context group
begin

lemma r_coset_restrict_carrier: "N #>\<^bsub>G\<lparr>carrier := M\<rparr>\<^esub> g = N #> g"
  by (simp add: r_coset_def)

lemma set_mult_subgroup_absorb:
  assumes "subgroup N G" "subgroup M G" "N \<subseteq> M"
  shows "M <#> N = M"
proof
  show "M <#> N \<subseteq> M" using assms subgroup.m_closed by (fastforce simp: set_mult_def)
  show "M \<subseteq> M <#> N"
  proof
    fix m assume "m \<in> M"
    then have "m = m \<otimes> \<one>" "\<one> \<in> N" using assms subgroup.subset subgroup.one_closed by force+
    then show "m \<in> M <#> N" using \<open>m \<in> M\<close> unfolding set_mult_def by blast
  qed
qed

lemma card_Ord_pi_Mod_one_le:
  assumes "finite (carrier G)"
  shows "card (Ord_pi (G Mod {\<one>}) (carrier (G Mod {\<one>})) \<pi>) \<le> card (Ord_pi G (carrier G) \<pi>)"
proof -
  interpret one: normal "{\<one>}" G by (rule one_is_normal)
  have "group_hom G (G Mod {\<one>}) ((#>) {\<one>})"
    using one.r_coset_hom_Mod one.factorgroup_is_group
    by (simp add: group_hom_def group_hom_axioms_def is_group)
  moreover have "(#>) {\<one>} ` carrier G = carrier (G Mod {\<one>})"
    by (simp add: carrier_FactGroup)
  ultimately show ?thesis using group_hom.card_Ord_pi_le_of_surj[OF _ assms] by simp
qed

context
  fixes N M
  assumes N: "N \<lhd> G" and M: "M \<lhd> G" and NM: "N \<subseteq> M"
begin

lemma FactGroup_map_r_coset:
  assumes "g \<in> carrier G"
  shows "M <#> (N #> g) = M #> g"
proof -
  have "subgroup N G" "subgroup M G" using N M normal_imp_subgroup by blast+
  then show ?thesis
    using set_mult_subgroup_absorb[OF _ _ NM] setmult_rcos_assoc assms subgroup.subset by metis
qed

lemma group_hom_FactGroup_map: "group_hom (G Mod N) (G Mod M) ((<#>) M)"
proof -
  interpret N: normal N G by (fact N)
  interpret M: normal M G by (fact M)
  have "(<#>) M \<in> hom (G Mod N) (G Mod M)"
  proof (rule homI)
    fix W assume "W \<in> carrier (G Mod N)"
    then show "M <#> W \<in> carrier (G Mod M)"
      by (auto simp: FactGroup_def RCOSETS_def FactGroup_map_r_coset)
  next
    fix W V assume "W \<in> carrier (G Mod N)" "V \<in> carrier (G Mod N)"
    then obtain a b where "a \<in> carrier G" "W = N #> a" "b \<in> carrier G" "V = N #> b"
      by (auto simp: FactGroup_def RCOSETS_def)
    then show "M <#> (W \<otimes>\<^bsub>G Mod N\<^esub> V) = (M <#> W) \<otimes>\<^bsub>G Mod M\<^esub> (M <#> V)"
      by (simp add: N.rcos_sum M.rcos_sum FactGroup_map_r_coset)
  qed
  then show ?thesis
    using N.factorgroup_is_group M.factorgroup_is_group by (simp add: group_hom_def group_hom_axioms_def)
qed

lemma FactGroup_map_surj: "(<#>) M ` carrier (G Mod N) = carrier (G Mod M)"
  by (force simp: FactGroup_def RCOSETS_def FactGroup_map_r_coset)

lemma FactGroup_map_kernel: "kernel (G Mod N) (G Mod M) ((<#>) M) = rcosets\<^bsub>G\<lparr>carrier := M\<rparr>\<^esub> N"
proof -
  have "subgroup M G" using M normal_imp_subgroup by blast
  then have "M #> g = M \<longleftrightarrow> g \<in> M" if "g \<in> carrier G" for g
    using that rcos_self subgroup.rcos_const[OF _ is_group] by metis
  moreover have "g \<in> carrier G" if "g \<in> M" for g
    using \<open>subgroup M G\<close> subgroup.subset that by blast
  ultimately show ?thesis
    by (auto simp: kernel_def FactGroup_def RCOSETS_def FactGroup_map_r_coset r_coset_restrict_carrier
        subgroup.rcos_const[OF \<open>subgroup M G\<close> is_group])
qed

lemma FactGroup_normal_below_chief_factor:
  assumes chief: "\<not> (\<exists>U. U \<lhd> G \<and> N \<subset> U \<and> U \<subset> M)"
    and A: "A \<lhd> G Mod N" and AK: "A \<subseteq> rcosets\<^bsub>G\<lparr>carrier := M\<rparr>\<^esub> N"
  shows "A = {\<one>\<^bsub>G Mod N\<^esub>} \<or> A = rcosets\<^bsub>G\<lparr>carrier := M\<rparr>\<^esub> N"
proof -
  interpret N: normal N G by (fact N)
  have "subgroup A (G Mod N)" using A normal_imp_subgroup by blast
  then have A_eq: "A = rcosets\<^bsub>G\<lparr>carrier := \<Union>A\<rparr>\<^esub> N" and "N \<in> A"
    using N.factgroup_subgroup_union_factor subgroup.one_closed by fastforce+
  have "subgroup M G" using M normal_imp_subgroup by blast
  then have "\<Union>A \<subseteq> M"
    using AK NM by (fastforce simp: RCOSETS_def r_coset_def subgroup.m_closed)
  moreover have "N \<subseteq> \<Union>A" using \<open>N \<in> A\<close> by blast
  moreover have "\<Union>A \<lhd> G" using A by (rule N.factgroup_subgroup_union_normal)
  ultimately have "\<Union>A = N \<or> \<Union>A = M" using chief by blast
  moreover have "rcosets\<^bsub>G\<lparr>carrier := N\<rparr>\<^esub> N = {N}"
    using N.subgroup_axioms subgroup.rcos_const[OF _ is_group] subgroup.one_closed
    by (force simp: RCOSETS_def r_coset_restrict_carrier)
  ultimately show ?thesis using A_eq by auto
qed

lemma f_pi_chief_factor_mult_card_Ord_pi_le:
  assumes fin: "finite (carrier G)" and chief: "\<not> (\<exists>U. U \<lhd> G \<and> N \<subset> U \<and> U \<subset> M)"
  shows "f_pi \<pi> (G\<lparr>carrier := M\<rparr> Mod N) * card (Ord_pi (G Mod M) (carrier (G Mod M)) \<pi>)
    \<le> card (Ord_pi (G Mod N) (carrier (G Mod N)) \<pi>)"
proof -
  interpret q: minimal_normal_kernel "G Mod N" "G Mod M" "(<#>) M"
  proof (intro minimal_normal_kernel.intro[OF group_hom_FactGroup_map]
      minimal_normal_kernel_axioms.intro)
    show "finite (carrier (G Mod N))" using fin by (rule finite_carrier_FactGroup)
  qed (use FactGroup_map_surj FactGroup_normal_below_chief_factor[OF chief] in
       \<open>simp_all add: FactGroup_map_kernel\<close>)
  show ?thesis
    using q.f_pi_kernel_mult_card_Ord_pi_le by (simp add: FactGroup_map_kernel FactGroup_restrict_carrier)
qed

end

end

theorem lemma2p1:
  fixes G :: "('a, 'b) monoid_scheme" and \<pi> :: "nat set" and Ns :: "'a set list"
  assumes "group G" and "finite (carrier G)"
    and "\<forall>p \<in> \<pi>. Factorial_Ring.prime p"
    and "chief_series G Ns"
  shows "card (Ord_pi G (carrier G) \<pi>) \<ge>
           (\<Prod>i < length Ns - 1. f_pi \<pi> (chief_factor G Ns i))"
proof -
  interpret group G by fact
  let ?n = "length Ns - 1"
  let ?c = "\<lambda>i. card (Ord_pi (G Mod (Ns ! i)) (carrier (G Mod (Ns ! i))) \<pi>)"
  have "Ns \<noteq> []" using assms(4) by (simp add: chief_series_def)
  then have series: "Ns ! 0 = {\<one>\<^bsub>G\<^esub>}" "\<And>i. i \<le> ?n \<Longrightarrow> Ns ! i \<lhd> G"
    using assms(4) by (auto simp: chief_series_def hd_conv_nth less_Suc_eq_le[symmetric])
  have telescope: "(\<Prod>i<?n. f_pi \<pi> (chief_factor G Ns i)) * ?c ?n \<le> ?c 0"
  proof (rule prod_mult_le_by_telescoping)
    fix i assume i: "i < ?n"
    then have "Ns ! i \<subset> Ns ! Suc i" "\<not> (\<exists>U. U \<lhd> G \<and> Ns ! i \<subset> U \<and> U \<subset> Ns ! Suc i)"
      using assms(4) by (auto simp: chief_series_def)
    then show "f_pi \<pi> (chief_factor G Ns i) * ?c (Suc i) \<le> ?c i"
      unfolding chief_factor_def using i
      by (intro f_pi_chief_factor_mult_card_Ord_pi_le series(2) assms(2)) auto
  qed
  have "0 < ?c ?n"
    using series(2) assms(2)
    by (intro group.card_Ord_pi_pos normal.factorgroup_is_group finite_carrier_FactGroup) auto
  then have "(\<Prod>i<?n. f_pi \<pi> (chief_factor G Ns i))
      \<le> (\<Prod>i<?n. f_pi \<pi> (chief_factor G Ns i)) * ?c ?n" by simp
  also have "\<dots> \<le> ?c 0" by (fact telescope)
  also have "\<dots> \<le> card (Ord_pi G (carrier G) \<pi>)"
    using card_Ord_pi_Mod_one_le[OF assms(2)] series(1) by simp
  finally show ?thesis .
qed

end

----------------

> [Work to complete]:
Pull every line containing "metis" out of the records.

> [Your solution]:
    using set_mult_subgroup_absorb[OF _ _ NM] setmult_rcos_assoc assms subgroup.subset by metis
    using that rcos_self subgroup.rcos_const[OF _ is_group] by metis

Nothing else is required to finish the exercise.